TASK STATEMENT =>
Return the whole of the data exactly.

Records excerpted from a collection =>

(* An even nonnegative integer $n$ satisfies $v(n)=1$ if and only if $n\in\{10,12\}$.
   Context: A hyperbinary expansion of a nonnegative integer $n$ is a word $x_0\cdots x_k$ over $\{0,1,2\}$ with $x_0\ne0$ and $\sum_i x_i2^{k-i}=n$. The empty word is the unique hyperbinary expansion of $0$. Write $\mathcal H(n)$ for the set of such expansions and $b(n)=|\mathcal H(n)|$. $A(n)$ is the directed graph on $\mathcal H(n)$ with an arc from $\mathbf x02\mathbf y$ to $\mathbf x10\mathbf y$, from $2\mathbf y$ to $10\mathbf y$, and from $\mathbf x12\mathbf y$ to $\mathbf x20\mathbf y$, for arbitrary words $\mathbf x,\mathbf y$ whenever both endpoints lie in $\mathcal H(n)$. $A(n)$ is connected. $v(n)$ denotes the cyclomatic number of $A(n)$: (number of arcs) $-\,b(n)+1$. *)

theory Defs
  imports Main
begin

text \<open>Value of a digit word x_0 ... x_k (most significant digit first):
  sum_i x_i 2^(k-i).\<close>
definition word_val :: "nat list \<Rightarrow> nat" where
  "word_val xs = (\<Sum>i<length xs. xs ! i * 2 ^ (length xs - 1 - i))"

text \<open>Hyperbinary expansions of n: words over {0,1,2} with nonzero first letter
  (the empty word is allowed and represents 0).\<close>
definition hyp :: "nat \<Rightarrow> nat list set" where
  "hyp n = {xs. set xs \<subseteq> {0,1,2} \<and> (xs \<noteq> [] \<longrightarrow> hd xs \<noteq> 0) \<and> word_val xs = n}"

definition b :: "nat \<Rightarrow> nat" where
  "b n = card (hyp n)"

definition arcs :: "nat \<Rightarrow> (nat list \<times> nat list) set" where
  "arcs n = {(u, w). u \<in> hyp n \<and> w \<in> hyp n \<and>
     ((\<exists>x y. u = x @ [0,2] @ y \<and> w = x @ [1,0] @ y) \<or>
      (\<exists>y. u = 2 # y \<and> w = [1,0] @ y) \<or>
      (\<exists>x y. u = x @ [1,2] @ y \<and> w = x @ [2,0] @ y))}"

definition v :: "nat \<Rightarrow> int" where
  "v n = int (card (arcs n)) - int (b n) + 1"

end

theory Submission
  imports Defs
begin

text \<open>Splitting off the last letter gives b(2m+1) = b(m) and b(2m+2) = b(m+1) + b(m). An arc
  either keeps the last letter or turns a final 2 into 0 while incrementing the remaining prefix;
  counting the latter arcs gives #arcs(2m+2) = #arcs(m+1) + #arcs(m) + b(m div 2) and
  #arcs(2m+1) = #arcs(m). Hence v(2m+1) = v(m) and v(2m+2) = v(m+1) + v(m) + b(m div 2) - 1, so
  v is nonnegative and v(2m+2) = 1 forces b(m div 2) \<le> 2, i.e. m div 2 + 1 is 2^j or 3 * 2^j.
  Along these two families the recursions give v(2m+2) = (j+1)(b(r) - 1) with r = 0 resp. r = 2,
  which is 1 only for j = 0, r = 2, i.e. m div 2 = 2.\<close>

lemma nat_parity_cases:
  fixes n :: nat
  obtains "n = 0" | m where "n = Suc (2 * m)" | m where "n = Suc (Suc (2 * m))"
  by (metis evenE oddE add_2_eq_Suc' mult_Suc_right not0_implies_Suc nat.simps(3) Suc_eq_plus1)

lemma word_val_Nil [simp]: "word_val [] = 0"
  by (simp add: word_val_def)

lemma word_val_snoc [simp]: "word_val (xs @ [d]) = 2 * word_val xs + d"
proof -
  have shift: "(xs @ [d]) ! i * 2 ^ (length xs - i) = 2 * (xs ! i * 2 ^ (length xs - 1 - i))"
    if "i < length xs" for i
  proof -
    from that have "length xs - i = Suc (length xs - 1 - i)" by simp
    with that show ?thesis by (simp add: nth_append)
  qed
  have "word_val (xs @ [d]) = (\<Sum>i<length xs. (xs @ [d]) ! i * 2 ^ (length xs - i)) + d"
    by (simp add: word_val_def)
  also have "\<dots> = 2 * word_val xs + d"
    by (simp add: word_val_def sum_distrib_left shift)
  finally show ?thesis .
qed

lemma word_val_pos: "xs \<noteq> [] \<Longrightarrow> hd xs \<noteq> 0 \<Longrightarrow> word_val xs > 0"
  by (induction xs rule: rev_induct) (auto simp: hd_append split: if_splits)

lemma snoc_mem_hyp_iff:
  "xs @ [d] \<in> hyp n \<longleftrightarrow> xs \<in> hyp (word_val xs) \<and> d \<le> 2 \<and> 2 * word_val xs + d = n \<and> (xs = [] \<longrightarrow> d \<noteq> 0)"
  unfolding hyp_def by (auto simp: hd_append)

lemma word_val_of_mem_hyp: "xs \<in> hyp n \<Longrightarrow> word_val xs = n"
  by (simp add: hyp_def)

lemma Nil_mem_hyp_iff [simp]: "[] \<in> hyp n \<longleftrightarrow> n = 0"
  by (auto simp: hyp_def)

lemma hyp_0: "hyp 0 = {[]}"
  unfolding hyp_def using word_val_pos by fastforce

ANSWER SECTION =>
(* An even nonnegative integer $n$ satisfies $v(n)=1$ if and only if $n\in\{10,12\}$.
   Context: A hyperbinary expansion of a nonnegative integer $n$ is a word $x_0\cdots x_k$ over $\{0,1,2\}$ with $x_0\ne0$ and $\sum_i x_i2^{k-i}=n$. The empty word is the unique hyperbinary expansion of $0$. Write $\mathcal H(n)$ for the set of such expansions and $b(n)=|\mathcal H(n)|$. $A(n)$ is the directed graph on $\mathcal H(n)$ with an arc from $\mathbf x02\mathbf y$ to $\mathbf x10\mathbf y$, from $2\mathbf y$ to $10\mathbf y$, and from $\mathbf x12\mathbf y$ to $\mathbf x20\mathbf y$, for arbitrary words $\mathbf x,\mathbf y$ whenever both endpoints lie in $\mathcal H(n)$. $A(n)$ is connected. $v(n)$ denotes the cyclomatic number of $A(n)$: (number of arcs) $-\,b(n)+1$. *)

theory Defs
  imports Main
begin

text \<open>Value of a digit word x_0 ... x_k (most significant digit first):
  sum_i x_i 2^(k-i).\<close>
definition word_val :: "nat list \<Rightarrow> nat" where
  "word_val xs = (\<Sum>i<length xs. xs ! i * 2 ^ (length xs - 1 - i))"

text \<open>Hyperbinary expansions of n: words over {0,1,2} with nonzero first letter
  (the empty word is allowed and represents 0).\<close>
definition hyp :: "nat \<Rightarrow> nat list set" where
  "hyp n = {xs. set xs \<subseteq> {0,1,2} \<and> (xs \<noteq> [] \<longrightarrow> hd xs \<noteq> 0) \<and> word_val xs = n}"

definition b :: "nat \<Rightarrow> nat" where
  "b n = card (hyp n)"

definition arcs :: "nat \<Rightarrow> (nat list \<times> nat list) set" where
  "arcs n = {(u, w). u \<in> hyp n \<and> w \<in> hyp n \<and>
     ((\<exists>x y. u = x @ [0,2] @ y \<and> w = x @ [1,0] @ y) \<or>
      (\<exists>y. u = 2 # y \<and> w = [1,0] @ y) \<or>
      (\<exists>x y. u = x @ [1,2] @ y \<and> w = x @ [2,0] @ y))}"

definition v :: "nat \<Rightarrow> int" where
  "v n = int (card (arcs n)) - int (b n) + 1"

end

theory Submission
  imports Defs
begin

text \<open>Splitting off the last letter gives b(2m+1) = b(m) and b(2m+2) = b(m+1) + b(m). An arc
  either keeps the last letter or turns a final 2 into 0 while incrementing the remaining prefix;
  counting the latter arcs gives #arcs(2m+2) = #arcs(m+1) + #arcs(m) + b(m div 2) and
  #arcs(2m+1) = #arcs(m). Hence v(2m+1) = v(m) and v(2m+2) = v(m+1) + v(m) + b(m div 2) - 1, so
  v is nonnegative and v(2m+2) = 1 forces b(m div 2) \<le> 2, i.e. m div 2 + 1 is 2^j or 3 * 2^j.
  Along these two families the recursions give v(2m+2) = (j+1)(b(r) - 1) with r = 0 resp. r = 2,
  which is 1 only for j = 0, r = 2, i.e. m div 2 = 2.\<close>

lemma nat_parity_cases:
  fixes n :: nat
  obtains "n = 0" | m where "n = Suc (2 * m)" | m where "n = Suc (Suc (2 * m))"
  by (metis evenE oddE add_2_eq_Suc' mult_Suc_right not0_implies_Suc nat.simps(3) Suc_eq_plus1)

lemma word_val_Nil [simp]: "word_val [] = 0"
  by (simp add: word_val_def)

lemma word_val_snoc [simp]: "word_val (xs @ [d]) = 2 * word_val xs + d"
proof -
  have shift: "(xs @ [d]) ! i * 2 ^ (length xs - i) = 2 * (xs ! i * 2 ^ (length xs - 1 - i))"
    if "i < length xs" for i
  proof -
    from that have "length xs - i = Suc (length xs - 1 - i)" by simp
    with that show ?thesis by (simp add: nth_append)
  qed
  have "word_val (xs @ [d]) = (\<Sum>i<length xs. (xs @ [d]) ! i * 2 ^ (length xs - i)) + d"
    by (simp add: word_val_def)
  also have "\<dots> = 2 * word_val xs + d"
    by (simp add: word_val_def sum_distrib_left shift)
  finally show ?thesis .
qed

lemma word_val_pos: "xs \<noteq> [] \<Longrightarrow> hd xs \<noteq> 0 \<Longrightarrow> word_val xs > 0"
  by (induction xs rule: rev_induct) (auto simp: hd_append split: if_splits)

lemma snoc_mem_hyp_iff:
  "xs @ [d] \<in> hyp n \<longleftrightarrow> xs \<in> hyp (word_val xs) \<and> d \<le> 2 \<and> 2 * word_val xs + d = n \<and> (xs = [] \<longrightarrow> d \<noteq> 0)"
  unfolding hyp_def by (auto simp: hd_append)

lemma word_val_of_mem_hyp: "xs \<in> hyp n \<Longrightarrow> word_val xs = n"
  by (simp add: hyp_def)

lemma Nil_mem_hyp_iff [simp]: "[] \<in> hyp n \<longleftrightarrow> n = 0"
  by (auto simp: hyp_def)

lemma hyp_0: "hyp 0 = {[]}"
  unfolding hyp_def using word_val_pos by fastforce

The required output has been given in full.